**PROBLEM REQUIREMENTS**
The output should be exactly the lines from the one containing "b| |underline w|, so the" through the last line of the records, and only those.

::: DATA RECORDS

(* Let $d\ge3$ and $k\in\mathbb Z_{\geq0}$. Let $\mathbf z_{k+1},\dots,\mathbf z_{k+d}$ be a basis of $\mathbb Z^d$ with $|\underline{\mathbf z_{k+1}}|\leq|\underline{\mathbf z_{k+2}}|\leq|\underline{\mathbf z_{k+3}}|$ and $\langle\underline{\mathbf z_{k+1}},\underline{\mathbf z_{k+2}}\rangle\leq0$. If $d\geq4$, assume moreover $\det\underline\Lambda_{k+1,n}>|\underline{\mathbf z_{k+2}}|\det\underline\Lambda_{k+1,n-1}$ for $n=3,\dots,d-1$. Let $\boldsymbol\alpha$ be any point of $\mathfrak S_{k+1}\cap\operatorname{int}\mathfrak S_{k+2}$ satisfying $\langle\boldsymbol\alpha,\mathbf z_{k+2}\rangle\cdot\langle\boldsymbol\alpha_{k+2},\mathbf z_{k+1}\rangle\geq0$. Then: (i) for any $\mathbf z\in\mathbb Z^d$ with $|\underline{\mathbf z}|\leq|\underline{\mathbf z_{k+2}}|$, $\mathbf z\neq\mathbf 0,\pm\mathbf z_{k+2}$, we have $|L_{\boldsymbol\alpha}(\mathbf z)|\geq|L_{\boldsymbol\alpha}(\mathbf z_{k+1})|>|L_{\boldsymbol\alpha}(\mathbf z_{k+2})|$; (ii) $\dfrac{1}{2D_{k+2,d-1}B_{k+1}^{d-1}}\leq|L_{\boldsymbol\alpha}(\mathbf z_{k+1})|\cdot|\underline{\mathbf z_{k+1}}|^{d-1}\leq\dfrac{3}{2D_{k+2,d-1}B_{k+1}^{d-1}}$; (iii) for any $\mathbf z\in\mathbb Z^d$ which is not a multiple of $\mathbf z_{k+1}$, is different from $\pm\mathbf z_{k+2}$, and satisfies $|\underline{\mathbf z_{k+1}}|\leq|\underline{\mathbf z}|\leq|\underline{\mathbf z_{k+2}}|$, we have \[|L_{\boldsymbol\alpha}(\mathbf z)|\cdot|\underline{\mathbf z}|^{d-1}\geq\min\Big(\frac{1}{2D_{k+1,d-1}},\ \frac{D_{k+1,2}^{d-1}}{2D_{k+2,d-1}B_{k+1}^{d-1}}\Big).\]
   Context: $|\cdot|$ is the Euclidean norm, $\langle\cdot,\cdot\rangle$ the standard inner product. For $\mathbf x=(x_1,\dots,x_d)\in\mathbb R^d$ write $\underline{\mathbf x}=(x_1,\dots,x_{d-1})$. Let $\pi_d=\{\mathbf x\in\mathbb R^d:x_d=1\}$ and $L_{\boldsymbol\alpha}(\mathbf x)=\langle\boldsymbol\alpha,\mathbf x\rangle$ for $\boldsymbol\alpha\in\pi_d$. For given vectors $\mathbf z_1,\mathbf z_2,\dots\in\mathbb Z^d$: $\det\underline\Lambda_{k,l}=|\underline{\mathbf z_k}\wedge\dots\wedge\underline{\mathbf z_{k+l-1}}|$ ($1\le l\le d-1$); $D_{k,l}=\det\underline\Lambda_{k,l}/|\underline{\mathbf z_k}|^l$; $B_k=|\underline{\mathbf z_{k+1}}|/|\underline{\mathbf z_k}|$; $R_k=1/(2|\underline{\mathbf z_{k+1}}|\det\underline\Lambda_{k,d-1})$; when $\underline{\mathbf z_k},\dots,\underline{\mathbf z_{k+d-2}}$ are linearly independent, $\boldsymbol\alpha_k$ is the unique point of $\pi_d$ orthogonal to $\mathbf z_k,\dots,\mathbf z_{k+d-2}$ and $\mathfrak S_k=\{\mathbf x\in\pi_d:|\mathbf x-\boldsymbol\alpha_k|\le R_k\}$, a closed ball in the affine hyperplane $\pi_d$, whose interior $\operatorname{int}\mathfrak S_k$ is taken relative to $\pi_d$. The quantities $B_{k+2}$, $R_{k+2}$, $\mathfrak S_{k+2}$ involve $\mathbf z_{k+d+1}$, which is assumed given. Whenever $\boldsymbol\alpha_k$ or $\mathfrak S_k$ appears it is implicitly assumed well defined. *)

theory Defs
  imports Complex_Main "Jordan_Normal_Form.Determinant"
begin

text \<open>Vectors of Z^d (resp. R^d) are functions nat => int (resp. real) vanishing
  at coordinates >= d; coordinate x_i of the paper is x (i-1).
  The given sequence z_1, z_2, ... is z :: nat => nat => int (z 0 unused).\<close>

definition ivecs :: "nat \<Rightarrow> (nat \<Rightarrow> int) set" where
  "ivecs d = {v. \<forall>i\<ge>d. v i = 0}"

definition rvecs :: "nat \<Rightarrow> (nat \<Rightarrow> real) set" where
  "rvecs d = {v. \<forall>i\<ge>d. v i = 0}"

definition ulnorm :: "nat \<Rightarrow> (nat \<Rightarrow> int) \<Rightarrow> real" where
  "ulnorm d v = sqrt (\<Sum>i<d-1. (real_of_int (v i))\<^sup>2)"

definition ulinner :: "nat \<Rightarrow> (nat \<Rightarrow> int) \<Rightarrow> (nat \<Rightarrow> int) \<Rightarrow> real" where
  "ulinner d v w = (\<Sum>i<d-1. real_of_int (v i) * real_of_int (w i))"

definition rnorm :: "nat \<Rightarrow> (nat \<Rightarrow> real) \<Rightarrow> real" where
  "rnorm d x = sqrt (\<Sum>i<d. (x i)\<^sup>2)"

definition pi_d :: "nat \<Rightarrow> (nat \<Rightarrow> real) set" where
  "pi_d d = {x \<in> rvecs d. x (d-1) = 1}"

definition Lf :: "nat \<Rightarrow> (nat \<Rightarrow> real) \<Rightarrow> (nat \<Rightarrow> int) \<Rightarrow> real" where
  "Lf d a x = (\<Sum>i<d. a i * real_of_int (x i))"

text \<open>Norm of the wedge product of l vectors: square root of the Gram determinant.
  detL d z k l = |underline z_k /\ ... /\ underline z_(k+l-1)|\<close>
definition detL :: "nat \<Rightarrow> (nat \<Rightarrow> nat \<Rightarrow> int) \<Rightarrow> nat \<Rightarrow> nat \<Rightarrow> real" where
  "detL d z k l = sqrt (det (mat l l (\<lambda>(i,j). ulinner d (z (k+i)) (z (k+j)))))"

definition Dq :: "nat \<Rightarrow> (nat \<Rightarrow> nat \<Rightarrow> int) \<Rightarrow> nat \<Rightarrow> nat \<Rightarrow> real" where
  "Dq d z k l = detL d z k l / (ulnorm d (z k)) ^ l"

definition Bq :: "nat \<Rightarrow> (nat \<Rightarrow> nat \<Rightarrow> int) \<Rightarrow> nat \<Rightarrow> real" where
  "Bq d z k = ulnorm d (z (k+1)) / ulnorm d (z k)"

definition Rq :: "nat \<Rightarrow> (nat \<Rightarrow> nat \<Rightarrow> int) \<Rightarrow> nat \<Rightarrow> real" where
  "Rq d z k = 1 / (2 * ulnorm d (z (k+1)) * detL d z k (d-1))"

definition ul_indep :: "nat \<Rightarrow> (nat \<Rightarrow> nat \<Rightarrow> int) \<Rightarrow> nat \<Rightarrow> bool" where
  "ul_indep d z k = (\<forall>c :: nat \<Rightarrow> real.
     (\<forall>i<d-1. (\<Sum>j<d-1. c j * real_of_int (z (k+j) i)) = 0) \<longrightarrow> (\<forall>j<d-1. c j = 0))"

definition alphaq :: "nat \<Rightarrow> (nat \<Rightarrow> nat \<Rightarrow> int) \<Rightarrow> nat \<Rightarrow> (nat \<Rightarrow> real)" where
  "alphaq d z k = (THE a. a \<in> pi_d d \<and> (\<forall>j<d-1. Lf d a (z (k+j)) = 0))"

definition Sq :: "nat \<Rightarrow> (nat \<Rightarrow> nat \<Rightarrow> int) \<Rightarrow> nat \<Rightarrow> (nat \<Rightarrow> real) set" where
  "Sq d z k = {x \<in> pi_d d. rnorm d (\<lambda>i. x i - alphaq d z k i) \<le> Rq d z k}"

definition rel_int_pi :: "nat \<Rightarrow> (nat \<Rightarrow> real) set \<Rightarrow> (nat \<Rightarrow> real) set" where
  "rel_int_pi d S = {x \<in> S. \<exists>e>0. \<forall>y\<in>pi_d d. rnorm d (\<lambda>i. y i - x i) < e \<longrightarrow> y \<in> S}"

definition is_Zbasis :: "nat \<Rightarrow> (nat \<Rightarrow> nat \<Rightarrow> int) \<Rightarrow> nat \<Rightarrow> bool" where
  "is_Zbasis d z k = ((\<forall>j\<in>{1..d}. z (k+j) \<in> ivecs d) \<and>
     (\<forall>w\<in>ivecs d. \<exists>!c. (\<forall>j. j \<notin> {1..d} \<longrightarrow> c j = 0) \<and>
        (\<forall>i<d. w i = (\<Sum>j=1..d. c j * z (k+j) i))))"

end

theory Submission
  imports Defs "HOL-Analysis.Convex"
begin

text \<open>Write g1 = det Lambda(k+1,d-1) and g2 = det Lambda(k+2,d-1). Since z (k+1), ..., z (k+d) is a
  basis of Z^d, the centre alpha(k+2) vanishes on z (k+2), ..., z (k+d) and takes the value
  +-1/g2 on z (k+1); the centre alpha(k+1) vanishes on z (k+1), ..., z (k+d-1) and takes the value
  +-1/g1 on z (k+d). For points a, b of pi_d, |L_a(w) - L_b(w)| <= |a - b| |underline w|, so the
  radii of the two balls make L_alpha(z (k+1)) lie within 1/(2 g2) of +-1/g2, which is (ii),
  and make |L_alpha(w)| >= 1/(2 g1) for every w with |underline w| <= |underline z (k+2)| that
  involves z (k+d).

  For the remaining short vectors the determinant growth hypothesis excludes z (k+3), ...,
  z (k+d-1) (a combination involving z (k+n) is at least det Lambda(k+1,n) / det Lambda(k+1,n-1)
  long), so they lie in the plane of z (k+1), z (k+2). This length-ordered obtuse pair is
  reduced, leaving only x z (k+1) + y z (k+2) with |x| >= 2, y = 0, or y = x; the
  sign hypothesis settles y = x, giving (i). For (iii), a plane vector with y <> 0 has length
  at least det Lambda(k+1,2) / |underline z (k+1)|.\<close>

section \<open>Gram determinants\<close>

definition lin_indep :: "nat \<Rightarrow> (nat \<Rightarrow> nat \<Rightarrow> real) \<Rightarrow> nat \<Rightarrow> bool" where
  "lin_indep m u l \<longleftrightarrow> (\<forall>x. (\<forall>t<m. (\<Sum>i<l. x i * u i t) = 0) \<longrightarrow> (\<forall>i<l. x i = 0))"

definition gram :: "nat \<Rightarrow> (nat \<Rightarrow> nat \<Rightarrow> real) \<Rightarrow> nat \<Rightarrow> real" where
  "gram m u l = det (mat l l (\<lambda>(i,j). \<Sum>t<m. u i t * u j t))"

::::::

**WORKED SOLUTION**
  +-1/g1 on z (k+d). For points a, b of pi_d, |L_a(w) - L_b(w)| <= |a - b| |underline w|, so the
  radii of the two balls make L_alpha(z (k+1)) lie within 1/(2 g2) of +-1/g2, which is (ii),
  and make |L_alpha(w)| >= 1/(2 g1) for every w with |underline w| <= |underline z (k+2)| that
  involves z (k+d).

  For the remaining short vectors the determinant growth hypothesis excludes z (k+3), ...,
  z (k+d-1) (a combination involving z (k+n) is at least det Lambda(k+1,n) / det Lambda(k+1,n-1)
  long), so they lie in the plane of z (k+1), z (k+2). This length-ordered obtuse pair is
  reduced, leaving only x z (k+1) + y z (k+2) with |x| >= 2, y = 0, or y = x; the
  sign hypothesis settles y = x, giving (i). For (iii), a plane vector with y <> 0 has length
  at least det Lambda(k+1,2) / |underline z (k+1)|.\<close>

section \<open>Gram determinants\<close>

definition lin_indep :: "nat \<Rightarrow> (nat \<Rightarrow> nat \<Rightarrow> real) \<Rightarrow> nat \<Rightarrow> bool" where
  "lin_indep m u l \<longleftrightarrow> (\<forall>x. (\<forall>t<m. (\<Sum>i<l. x i * u i t) = 0) \<longrightarrow> (\<forall>i<l. x i = 0))"

definition gram :: "nat \<Rightarrow> (nat \<Rightarrow> nat \<Rightarrow> real) \<Rightarrow> nat \<Rightarrow> real" where
  "gram m u l = det (mat l l (\<lambda>(i,j). \<Sum>t<m. u i t * u j t))"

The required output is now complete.